[R] fitting distributions with R

Tue Sep 6 17:46:16 CEST 2005

On 06-Sep-05 Huntsinger, Reid wrote:
> The MLE of beta is the reciprocal of the sample mean, so you
> don't need an optimizer here.
> 
> Reid Huntsinger

While that is true (and Naja clearly knew this), nevertheless
one expects that using an optimiser should also work. Nadja's
observations need an explanation.

If things don't behave as expected, it is worth while embedding
"debug prints" so as to monitor what is going on internally (as
fas as one can). In this case, if one modifies Nadja's "ll"
function to

ll<-function(beta){
  n<-24
  x<-data2
  temp<-(-n*log(beta)+beta*sum(x))
  print(temp)
  temp
}

and re-runs 'mle', one sees that while there are some numerical
values in the output, there are many NaNs. Also, given the
warning message and the advice to look at "warnings()", one
learns that "NaNs produced in: log(x)" repeatedly. This very
strongly suggests that attempts have been made to take logs
of negative numbers which in trun suggests that the method
of computing the next approximation readily takes the value
of beta outside the valid range of beta > 0.

Now is the time to look at "?mle", which says that the default
method is "BGFS" for which "see optim". Under "?optim" we learn
that "BGFS" is a "quasi-Newton method". Such methods work by
calculating a local tangent to the derivative function and
extrapolating this until it meets the beta-axis, and this can
easily take the estimate outside admissible ranges (try using
Newton-Raphson to solve sqrt(x) = 0).

However, a related method available for 'optim' is "L-BFGS-B"
"which allows _box constraints_, that is each variable can be
given a lower and/or upper bound. The initial value must satisfy
the constraints." This can be set in a parameter for 'mle'.

So now you can try something like

  est<-mle(minuslog=ll, start=list(beta=0.1),
           method="L-BFGS-B", lower=10*(.Machine$double.eps))

and now the trace-prints show a series of numbers, with no NaNs,
so clearly we are getting somewhere (and have identified and
dealt with at least one aspect of the problem). However, observing
the prints, one sees that after an initial trend to convergence
there is a tendency to oscillate between values in the neighbouhood
of beta=360 and values in the neighbourhood of beta=800, finally
failing when two successive values "360.6573" are printed, which
in turn suggests that an attempt is made to comuted a gradient
from identical points. So clearly there is something not right
about how the method works for this particular problem (which,
as a statistical estimation problem, could hardly be simpler!).

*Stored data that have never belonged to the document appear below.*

theorem lemma3p6:
  fixes \<epsilon> :: real
  assumes "\<epsilon> > 0"
  shows "\<exists>K N::nat. \<forall>k1 k2 n::nat. K \<le> k1 \<longrightarrow> k1 \<le> k2 \<longrightarrow> k2 \<le> n \<longrightarrow> N \<le> n \<longrightarrow>
           measure_pmf.prob (X_dist n)
             {X. real (\<Sum>p\<in>S k1 k2. (Y n p X)^2) > \<epsilon> * (real n)^2}
           \<le> exp (real n * (4 * ln (ln (real k2)) + 4 - ln (real k1) / 8 * \<epsilon>))"
proof -
  have "eventually (\<lambda>x. 2 * (\<epsilon> * ln x + 16)^2 / \<epsilon> \<le> sqrt x) at_top"
    using assms by real_asymp
  then obtain x0 where x0: "\<And>x. x \<ge> x0 \<Longrightarrow> 2 * (\<epsilon> * ln x + 16)^2 / \<epsilon> \<le> sqrt x"
    by (auto simp: eventually_at_top_linorder)
  show ?thesis
  proof (intro exI[of _ "max 3 (nat \<lceil>x0\<rceil>)"] exI[of _ 0] allI impI)
    fix k1 k2 n :: nat
    assume k: "max 3 (nat \<lceil>x0\<rceil>) \<le> k1" "k1 \<le> k2" "k2 \<le> n"
    then have "real k1 \<ge> x0" by linarith
    with k show "measure_pmf.prob (X_dist n) {X. real (\<Sum>p\<in>S k1 k2. (Y n p X)^2) > \<epsilon> * (real n)^2}
           \<le> exp (real n * (4 * ln (ln (real k2)) + 4 - ln (real k1) / 8 * \<epsilon>))"
      using assms x0 by (intro prob_sum_sq_Y_gt_S_le) auto
  qed
qed

end
lemma pbar_split_min:
  assumes "0 < n"
  shows "pbar n = abar 2 n + card (single_overlined_min n) + card (single_plain_min n)"
proof -
  define A2 where "A2 = {(M, Ov) \<in> overpartitions n. M \<noteq> {#} \<and> 2 \<le> count M (Min_mset M)}"
  have "count M (Min_mset M) = 1 \<or> 2 \<le> count M (Min_mset M)" if "M \<noteq> {#}" for M :: "nat multiset"
    using Min_in_mset[OF that] by (auto simp flip: count_greater_zero_iff)
  then have split: "overpartitions n = A2 \<union> (single_overlined_min n \<union> single_plain_min n)"
    using overpartition_nonempty[OF _ assms]
    by (auto simp: A2_def single_overlined_min_def single_plain_min_def)
  have fin: "finite A2" "finite (single_overlined_min n)" "finite (single_plain_min n)"
    by (auto intro: finite_subset[OF _ finite_overpartitions]
        simp: A2_def single_overlined_min_def single_plain_min_def)
  have "card (single_overlined_min n \<union> single_plain_min n)
      = card (single_overlined_min n) + card (single_plain_min n)"
    using fin by (intro card_Un_disjoint) (auto simp: single_overlined_min_def single_plain_min_def)
  moreover have "card (A2 \<union> (single_overlined_min n \<union> single_plain_min n))
      = card A2 + card (single_overlined_min n \<union> single_plain_min n)"
    using fin by (intro card_Un_disjoint) (auto simp: A2_def single_overlined_min_def single_plain_min_def)
  ultimately have "pbar n = card A2 + card (single_overlined_min n) + card (single_plain_min n)"
    unfolding pbar_def split by simp
  then show ?thesis by (simp add: abar_def A2_def)
qed

lemma remove_plain_one_in_overpartitions:
  assumes "(M, Ov) \<in> overpartitions (Suc n)" "plain_count (M, Ov) 1 \<noteq> 0"
  shows "(M - {#1#}, Ov) \<in> overpartitions n"
proof -
  have one: "1 \<in># M" and two: "1 \<in> Ov \<Longrightarrow> 2 \<le> count M 1"
    using assms(2) by (auto simp: plain_count_eq_0_iff simp flip: count_greater_zero_iff)
  have "sum_mset (M - {#1#}) + 1 = Suc n"
    using sum_mset_replace[OF one, of 0] assms(1) by (simp add: overpartitions_def)
  moreover have "Ov \<subseteq> set_mset (M - {#1#})"
    using assms(1) two by (auto simp: overpartitions_def in_diff_single_iff)
  ultimately show ?thesis
    using assms(1) by (auto simp: overpartitions_def dest: in_diffD)
qed

lemma bij_betw_add_plain_one:
  "bij_betw (map_prod (add_mset 1) id) (overpartitions n)
     {P \<in> overpartitions (Suc n). plain_count P 1 \<noteq> 0}"
proof (rule bij_betw_byWitness[where f' = "map_prod (\<lambda>M. M - {#1#}) id"])
  show "map_prod (add_mset 1) id ` overpartitions n
      \<subseteq> {P \<in> overpartitions (Suc n). plain_count P 1 \<noteq> 0}"
    by (fastforce simp: overpartitions_def plain_count_def)
  show "map_prod (\<lambda>M. M - {#1#}) id ` {P \<in> overpartitions (Suc n). plain_count P 1 \<noteq> 0}
      \<subseteq> overpartitions n"
    using remove_plain_one_in_overpartitions by auto
  show "\<forall>P\<in>{P \<in> overpartitions (Suc n). plain_count P 1 \<noteq> 0}.
      map_prod (add_mset 1) id (map_prod (\<lambda>M. M - {#1#}) id P) = P"
  proof
    fix P assume "P \<in> {P \<in> overpartitions (Suc n). plain_count P 1 \<noteq> 0}"
    then have "1 \<in># fst P" by (cases P) (auto simp: plain_count_def simp flip: count_greater_zero_iff)
    then show "map_prod (add_mset 1) id (map_prod (\<lambda>M. M - {#1#}) id P) = P"
      by (cases P) simp
  qed
qed (simp add: map_prod_def split_beta)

Now, "?optim" has, at the end, a Note to the effect that the
default method (admittedly Nelder-Mead, which is not relevant
to the above) may not work well and suggests using 'optimize'
instead. So let's try 'optimize' anyway.

Now, with

  optimize(ll,lower=10*(.Machine$double.eps),upper=1e10)

we get a clean set of debug-prints, and convergence to

  beta = 5.881105e-05

with "minimum" 'll' equal to 254.6480.

Now compare with the known MLE which is

  beta = 1/mean(data2) = 6.766491e-05

giving

  ll(1/mean(data2)) = 254.4226, 

So clearly, now, using 'optimise' instead of 'optim' which
is what 'mle' uses, we are now "in the right parish". However,
there is apparently no parameter to 'mle' which would enable
us to force it to use 'optimize' rather than 'optim'!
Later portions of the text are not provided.